The Northamptonshire antiquarian Henry Isham Longden of Lamport devoted much
attention to the Woodforde family pedigree, but a card
in his handwriting in the Northamptonshire Record Office index for John Woodford of Scaldwell says that “(John of Scaldwell) is said to be the earliest
ancestor of the Revd James Woodforde. Of this claim I can find no
proof.” The Leicestershire-Northamptonshire Connection There are a number of reasons for accepting the proposition that this Northamptonshire Woodforde family is a branch of the ancient Woodford family of Leicestershire.
Several editions of Burke’s Peerage suggested that Robert Woodforde
(1606-1654) was a descendant of Robert Woodford of Bucks, the son of
Ralph Woodford of Ashby Folville. The text is as follows: `His (ie:
Sir Robert Woodforde’s) great-grandson, Sir Robert Woodfoorde (sic)
married in 1489 the daughter and heir of Gate of Burnham co.

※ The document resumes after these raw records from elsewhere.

(* Let $T$ be a $k$-IET on $I=[\ell,r)$ over the ordered alphabet $\mathcal{A}=\{a_1<\dots<a_k\}$ with partition $(I_a)_{a\in\mathcal{A}}$ and permutation $\pi\in S_{\mathcal{A}}$. Suppose $|I_{a_1}|=|I_{\pi(a_1)}|$ and $a_1\neq\pi(a_1)$. Let $I'=[\ell+|I_{a_1}|,r)$, $\mathcal{A}'=\mathcal{A}\setminus\{a_1\}$ (with the induced order) and define $\pi'\in S_{\mathcal{A}'}$ by $\pi'(a)=\pi(a_1)$ if $a=\pi^{-1}(a_1)$ and $\pi'(a)=\pi(a)$ otherwise. Then the map induced by $T$ on $I'$ (the first-return map $x\mapsto T^{\nu(x)}(x)$, $\nu(x)=\min\{n>0:T^n(x)\in I'\}$), denoted $\lambda(T)$, is the $(k-1)$-IET on $I'$ over $\mathcal{A}'$ with partition $(I_a)_{a\in\mathcal{A}'}$ and permutation $\pi'$. Moreover, for every $x\in I'$, $\Omega_T(x)=\varphi(\Omega_{\lambda(T)}(x))$, where $\varphi:\mathcal{A}'^*\to\mathcal{A}^*$ (extended to infinite words) is the morphism with $\varphi(\pi(a_1))=\pi(a_1)a_1$ and $\varphi(c)=c$ for every letter $c\neq\pi(a_1)$.
   Context: A $k$-IET $T$ on $I=[\ell,r)$ over $\mathcal{A}$ is given by a partition of $I$ into left-closed right-open intervals $(I_a)_{a\in\mathcal{A}}$ of positive length, with $I_a$ to the left of $I_b$ whenever $a<b$, and a permutation $\pi$ of $\mathcal{A}$; $T(x)=x+\tau_a$ for $x\in I_a$ where $\tau_a=\sum_{b:\,\pi^{-1}(b)<\pi^{-1}(a)}|I_b|-\sum_{b<a}|I_b|$ (so the image intervals $T(I_{\pi(a_1)}),\dots,T(I_{\pi(a_k)})$ appear from left to right). The trajectory of $x$ under an IET $S$ over an alphabet $\mathcal{C}$ with partition $(J_c)$ is $\Omega_S(x)=w_0w_1\cdots$ with $w_i=c$ iff $S^i(x)\in J_c$. *)

theory Defs
  imports Complex_Main
begin

text \<open>An IET is given by data (A, len, p, l): a finite nonempty linearly ordered
alphabet A, positive lengths len a of the subintervals I_a, a permutation p of A,
and the left endpoint l.\<close>

definition iet_data :: "'a::linorder set \<Rightarrow> ('a \<Rightarrow> real) \<Rightarrow> ('a \<Rightarrow> 'a) \<Rightarrow> bool" where
  "iet_data A len p \<longleftrightarrow> finite A \<and> A \<noteq> {} \<and> (\<forall>a\<in>A. len a > 0) \<and> bij_betw p A A"

definition iet_right :: "'a::linorder set \<Rightarrow> ('a \<Rightarrow> real) \<Rightarrow> real \<Rightarrow> real" where
  "iet_right A len l = l + sum len A"

definition subint :: "'a::linorder set \<Rightarrow> ('a \<Rightarrow> real) \<Rightarrow> real \<Rightarrow> 'a \<Rightarrow> real set" where
  "subint A len l a = {l + sum len {b\<in>A. b < a} ..< l + sum len {b\<in>A. b < a} + len a}"

definition tau :: "'a::linorder set \<Rightarrow> ('a \<Rightarrow> real) \<Rightarrow> ('a \<Rightarrow> 'a) \<Rightarrow> 'a \<Rightarrow> real" where
  "tau A len p a = sum len {b\<in>A. inv_into A p b < inv_into A p a} - sum len {b\<in>A. b < a}"

text \<open>The IET map T (identity outside the interval, irrelevant there).\<close>
definition iet :: "'a::linorder set \<Rightarrow> ('a \<Rightarrow> real) \<Rightarrow> ('a \<Rightarrow> 'a) \<Rightarrow> real \<Rightarrow> real \<Rightarrow> real" where
  "iet A len p l x =
     (if \<exists>a\<in>A. x \<in> subint A len l a
      then x + tau A len p (THE a. a \<in> A \<and> x \<in> subint A len l a)
      else x)"

definition traj :: "'a::linorder set \<Rightarrow> ('a \<Rightarrow> real) \<Rightarrow> ('a \<Rightarrow> 'a) \<Rightarrow> real \<Rightarrow> real \<Rightarrow> nat \<Rightarrow> 'a" where
  "traj A len p l x i = (THE c. c \<in> A \<and> (iet A len p l ^^ i) x \<in> subint A len l c)"

definition return_time :: "(real \<Rightarrow> real) \<Rightarrow> real set \<Rightarrow> real \<Rightarrow> nat" where
  "return_time T J x = (LEAST n. n > 0 \<and> (T ^^ n) x \<in> J)"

Buckingham, and was ancestor of Samuel Woodford, DD.’ Samuel was the
eldest son of Robert Woodforde, Steward of Northampton. This was
revised in later editions to become the simple and more cautious phrase, `the
descendant of an ancient family’. It is recorded that the Woodforde family of Ansford, Somerset, had in its possession many family documents from possibly the 14th and 15th Century which were lost or destroyed after the death of the Revd Alexander Woodforde in Locking, Somerset in 1909. It is said that immediately after the death of Alexander, these documents along with many diaries and other papers were accidentally sold as waste and were carted away and destroyed. The two families were in adjacent counties and there are manorial links between these two families. A Ralph Woodford received lands from John, Lord Zouch of Harringworth after the latter’s disgrace in 1485 following the battle of Bosworth, and, much earlier, Nichols notes that in 1230 `William la Zouch of Haringworth, co Northampton, knt,. Deceased, held Brentingby, as a member of Thorpe-Ernald.’ Harringworth is in Northamptonshire and in the vicinity of the village of Old.